(What you have to do) Report each line of the entries below that includes "quantile".

[Stored data entries]
========================================

definition v2 :: "('x \<Rightarrow> 'x \<Rightarrow> 'x multiset \<Rightarrow> real) \<Rightarrow> ('x \<times> real \<Rightarrow> real) \<Rightarrow> nat \<Rightarrow> (nat \<Rightarrow> 'x \<times> real) \<Rightarrow> real \<Rightarrow> nat \<Rightarrow> ereal" where
  "v2 H V n \<omega> a i = Qf a {1..n+1} (pH H n \<omega> i)
      (\<lambda>j. if j = n+1 then 0 else ereal (V (\<omega> j)))"

definition G2 :: "('x \<Rightarrow> 'x \<Rightarrow> 'x multiset \<Rightarrow> real) \<Rightarrow> ('x \<times> real \<Rightarrow> real) \<Rightarrow> nat \<Rightarrow> real \<Rightarrow> (nat \<Rightarrow> 'x \<times> real) \<Rightarrow> real \<Rightarrow> bool" where
  "G2 H V n \<alpha> \<omega> a \<longleftrightarrow>
     real (card {i\<in>{1..n}. ereal (V (\<omega> i)) \<le> v1 H V n \<omega> a i}) / real (n+1) \<ge> \<alpha> \<and>
     real (card {i\<in>{1..n}. ereal (V (\<omega> i)) \<le> v2 H V n \<omega> a i}) / real (n+1) + 1 / real (n+1) \<ge> \<alpha>"

definition admissible :: "('x \<Rightarrow> 'x \<Rightarrow> 'x multiset \<Rightarrow> real) \<Rightarrow> ('x \<times> real \<Rightarrow> real) \<Rightarrow> nat \<Rightarrow> real \<Rightarrow> (nat \<Rightarrow> 'x \<times> real) \<Rightarrow> real \<Rightarrow> bool" where
  "admissible H V n \<alpha> \<omega> a \<longleftrightarrow> vbar H V n \<omega> a = \<infinity> \<or> G2 H V n \<alpha> \<omega> a"

definition alpha_tilde :: "('x \<Rightarrow> 'x \<Rightarrow> 'x multiset \<Rightarrow> real) \<Rightarrow> ('x \<times> real \<Rightarrow> real) \<Rightarrow> nat \<Rightarrow> real \<Rightarrow> (nat \<Rightarrow> real) \<Rightarrow> nat \<Rightarrow> (nat \<Rightarrow> 'x \<times> real) \<Rightarrow> real" where
  "alpha_tilde H V n \<alpha> agrid M \<omega> =
     agrid (LEAST m. m \<in> {1..M} \<and> admissible H V n \<alpha> \<omega> (agrid m))"

definition conf_set :: "('x \<Rightarrow> 'x \<Rightarrow> 'x multiset \<Rightarrow> real) \<Rightarrow> ('x \<times> real \<Rightarrow> real) \<Rightarrow> nat \<Rightarrow> real \<Rightarrow> (nat \<Rightarrow> real) \<Rightarrow> nat \<Rightarrow> (nat \<Rightarrow> 'x \<times> real) \<Rightarrow> real set" where
  "conf_set H V n \<alpha> agrid M \<omega> =
     {y. ereal (V (fst (\<omega> (n+1)), y)) \<le> vbar H V n \<omega> (alpha_tilde H V n \<alpha> agrid M \<omega>)}"

end

theory Submission
  imports Defs
begin

text \<open>Coverage is compared with that of an oracle which also sees the test score. At grid
  level \<open>a\<close>, call \<open>Z\<^sub>k\<close> covered if \<open>V\<^sub>k\<close> is at most the \<open>a\<close>-quantile of the localized
  distribution of all \<open>n + 1\<close> scores around \<open>X\<^sub>k\<close>, and let the oracle level be the smallest grid
  level at which at least \<open>\<alpha>(n + 1)\<close> points are covered. The oracle treats the data points
  symmetrically, so for an i.i.d. sample the events "\<open>Z\<^sub>k\<close> is covered at the oracle level" are
  exchangeable; since at least \<open>\<alpha>(n + 1)\<close> of them always occur, each has probability at least
  \<open>\<alpha>\<close>. When the selected level \<open>alpha_tilde\<close> has a finite \<open>vbar\<close>, condition (G2) bounds the number
  of covered points at that level from below, so the oracle level is at most \<open>alpha_tilde\<close>, and a
  test point covered at the oracle level lies in the confidence set.\<close>

lemma wcdf_mono:
  assumes "\<forall>j\<in>I. 0 \<le> w j" "s \<le> t"
  shows "wcdf I w v s \<le> wcdf I w v t"
  unfolding wcdf_def using assms by (intro sum_mono) (auto intro: order_trans)

lemma wcdf_antimono_atoms:
  assumes "\<forall>j\<in>I. 0 \<le> w j" "\<forall>j\<in>I. v j \<le> v' j"
  shows "wcdf I w v' t \<le> wcdf I w v t"
  unfolding wcdf_def using assms by (intro sum_mono) (auto intro: order_trans)

lemma wcdf_le_sum:
  assumes "\<forall>j\<in>I. 0 \<le> w j"
  shows "wcdf I w v t \<le> sum w I"
  unfolding wcdf_def using assms by (intro sum_mono) auto

lemma wcdf_infinity: "wcdf I w v \<infinity> = sum w I"
  unfolding wcdf_def by simp

lemma Qf_le: "a \<le> wcdf I w v t \<Longrightarrow> Qf a I w v \<le> t"
  unfolding Qf_def by (simp add: Inf_lower)

lemma Qf_mono_level: "a \<le> a' \<Longrightarrow> Qf a I w v \<le> Qf a' I w v"
  unfolding Qf_def by (intro Inf_superset_mono) auto

lemma Qf_mono_atoms:
  assumes "\<forall>j\<in>I. 0 \<le> w j" "\<forall>j\<in>I. v j \<le> v' j"
  shows "Qf a I w v \<le> Qf a I w v'"
  unfolding Qf_def using wcdf_antimono_atoms[OF assms]
  by (intro Inf_superset_mono) (auto intro: order_trans)

lemma Qf_reindex:
  assumes "bij_betw \<sigma> I I" "\<forall>j\<in>I. w' j = w (\<sigma> j) \<and> v' j = v (\<sigma> j)"
  shows "Qf a I w' v' = Qf a I w v"
proof -
  have "wcdf I w' v' t = wcdf I w v t" for t
    unfolding wcdf_def
      sum.reindex_bij_betw[OF assms(1), of "\<lambda>j. if v j \<le> t then w j else 0", symmetric]
    using assms(2) by (intro sum.cong) auto
  then show ?thesis unfolding Qf_def by simp
qed

text \<open>The infimum defining the quantile is attained: the distribution function is a
  right-continuous step function with finitely many jumps.\<close>
lemma wcdf_Qf_ge:
  assumes "finite I" "\<forall>j\<in>I. 0 \<le> w j" "a \<le> sum w I"
  shows "a \<le> wcdf I w v (Qf a I w v)"
proof -
  define S where "S = {t. a \<le> wcdf I w v t}"
  define s where "s = Inf S"
  have "\<infinity> \<in> S" using assms(3) by (simp add: S_def wcdf_infinity)
  obtain t where "t \<in> S" "s \<le> t" and no_atom_between: "\<forall>j\<in>I. v j \<le> t \<longrightarrow> v j \<le> s"
  proof (cases "s = \<infinity>")
    case True
    then show thesis using \<open>\<infinity> \<in> S\<close> by (intro that) auto
  next
    case False
    define m where "m = Min (insert \<infinity> {v j |j. j \<in> I \<and> s < v j})"
    have "s < m" using assms(1) False by (auto simp: m_def)
    then obtain t where t: "t \<in> S" "t < m" by (auto simp: s_def Inf_less_iff)
    have "\<forall>j\<in>I. v j \<le> t \<longrightarrow> v j \<le> s"
    proof (intro ballI impI)
      fix j assume "j \<in> I" "v j \<le> t"
      moreover have "s < v j \<Longrightarrow> m \<le> v j"
        using \<open>j \<in> I\<close> assms(1) unfolding m_def by (intro Min_le) auto
      ultimately show "v j \<le> s" using t(2) by (meson not_le order.strict_trans2 order_less_irrefl)
    qed
    then show thesis using t(1) by (intro that) (auto simp: s_def Inf_lower)
  qed
  then have "wcdf I w v t = wcdf I w v s"
    unfolding wcdf_def by (intro sum.cong) (auto intro: order_trans)
  then show ?thesis using \<open>t \<in> S\<close> by (simp add: S_def s_def Qf_def)
qed

lemma Qf_le_iff:
  assumes "finite I" "\<forall>j\<in>I. 0 \<le> w j" "t \<noteq> \<infinity>"
  shows "Qf a I w v \<le> t \<longleftrightarrow> a \<le> wcdf I w v t"
proof
  assume le: "Qf a I w v \<le> t"
  show "a \<le> wcdf I w v t"
  proof (cases "a \<le> sum w I")
    case True
    then show ?thesis
      using wcdf_Qf_ge[OF assms(1,2) True, of v] wcdf_mono[OF assms(2) le, of v] by linarith
  next
    case False
    then have "{t. a \<le> wcdf I w v t} = {}"
      using wcdf_le_sum[OF assms(2), of v] by (auto simp: not_le intro: order.strict_trans1)
    then show ?thesis using le assms(3) by (simp add: Qf_def top_ereal_def)
  qed
qed (rule Qf_le)

lemma le_Qf_iff:
  assumes "finite I" "\<forall>j\<in>I. 0 \<le> w j" "a \<le> sum w I"
  shows "x \<le> Qf a I w v \<longleftrightarrow> (\<forall>t<x. wcdf I w v t < a)"
  using Qf_le[of a I w v] wcdf_Qf_ge[OF assms, of v]
  by (meson leI order.strict_trans2 order_less_irrefl)

lemma le_Qf_replace_atom:
  assumes "finite I" "\<forall>j\<in>I. 0 \<le> w j" "a \<le> sum w I"
    and "\<forall>j\<in>I - {i}. v j = v' j" "x \<le> v i" "x \<le> v' i"
  shows "x \<le> Qf a I w v \<longleftrightarrow> x \<le> Qf a I w v'"
proof -
  have "wcdf I w v t = wcdf I w v' t" if "t < x" for t
  proof (unfold wcdf_def, intro sum.cong refl)
    fix j assume "j \<in> I"
    then have "v j \<le> t \<longleftrightarrow> v' j \<le> t"
      using assms(4-6) that by (cases "j = i") (auto dest: order.strict_trans2)
    then show "(if v j \<le> t then w j else 0) = (if v' j \<le> t then w j else 0)" by simp
  qed
  then show ?thesis using le_Qf_iff[OF assms(1-3)] by simp
qed

lemma borel_measurable_Qf:
  assumes "finite I" "\<forall>x\<in>space M. \<forall>j\<in>I. 0 \<le> w x j"
    and "\<And>j. j \<in> I \<Longrightarrow> (\<lambda>x. w x j) \<in> borel_measurable M"
    and "\<And>j. j \<in> I \<Longrightarrow> (\<lambda>x. v x j) \<in> borel_measurable M"
  shows "(\<lambda>x. Qf a I (w x) (v x)) \<in> borel_measurable M"
proof (rule borel_measurableI_le)
  fix y :: ereal
  have [measurable]: "(\<lambda>x. wcdf I (w x) (v x) y) \<in> borel_measurable M"
    unfolding wcdf_def using assms(3,4) by measurable
  show "{x\<in>space M. Qf a I (w x) (v x) \<le> y} \<in> sets M"
  proof (cases "y = \<infinity>")
    case False
    then have "{x\<in>space M. Qf a I (w x) (v x) \<le> y} = {x\<in>space M. a \<le> wcdf I (w x) (v x) y}"
      using Qf_le_iff[OF assms(1)] assms(2) by auto
    then show ?thesis by simp
  qed simp
qed

lemma (in prob_space) prob_ge_of_exchangeable_count:
  fixes c :: real
  assumes "finite J" "k0 \<in> J"
    and events: "\<And>k. k \<in> J \<Longrightarrow> G k \<in> events"
    and exchangeable: "\<And>k. k \<in> J \<Longrightarrow> prob (G k) = prob (G k0)"
    and count: "\<And>\<omega>. \<omega> \<in> space M \<Longrightarrow> c * card J \<le> card {k\<in>J. \<omega> \<in> G k}"
  shows "c \<le> prob (G k0)"
proof -
  have indicator_sum: "(\<Sum>k\<in>J. indicator (G k) \<omega>) = real (card {k\<in>J. \<omega> \<in> G k})" for \<omega>
    using assms(1) by (simp add: indicator_def sum.inter_filter[symmetric] Int_def)
  have "c * card J = (\<integral>\<omega>. c * card J \<partial>M)" by (simp add: prob_space)
  also have "\<dots> \<le> (\<integral>\<omega>. (\<Sum>k\<in>J. indicator (G k) \<omega>) \<partial>M)"
  proof (rule integral_mono)
    show "integrable M (\<lambda>\<omega>. \<Sum>k\<in>J. indicator (G k) \<omega> :: real)"
      using events by (intro Bochner_Integration.integrable_sum) (simp add: less_top[symmetric])
  qed (use count in \<open>auto simp: indicator_sum\<close>)
  also have "\<dots> = (\<Sum>k\<in>J. prob (G k))"
    using events
    by (subst Bochner_Integration.integral_sum) (auto simp: less_top[symmetric] Int_absorb2)
  also have "\<dots> = prob (G k0) * card J"
    using exchangeable by simp
  finally have "c * card J \<le> prob (G k0) * card J" .
  moreover have "0 < real (card J)" using assms(1,2) by (auto simp: card_gt_0_iff)
  ultimately show ?thesis by (rule mult_right_le_imp_le)
qed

========================================

(Response area)
  level \<open>a\<close>, call \<open>Z\<^sub>k\<close> covered if \<open>V\<^sub>k\<close> is at most the \<open>a\<close>-quantile of the localized
text \<open>The infimum defining the quantile is attained: the distribution function is a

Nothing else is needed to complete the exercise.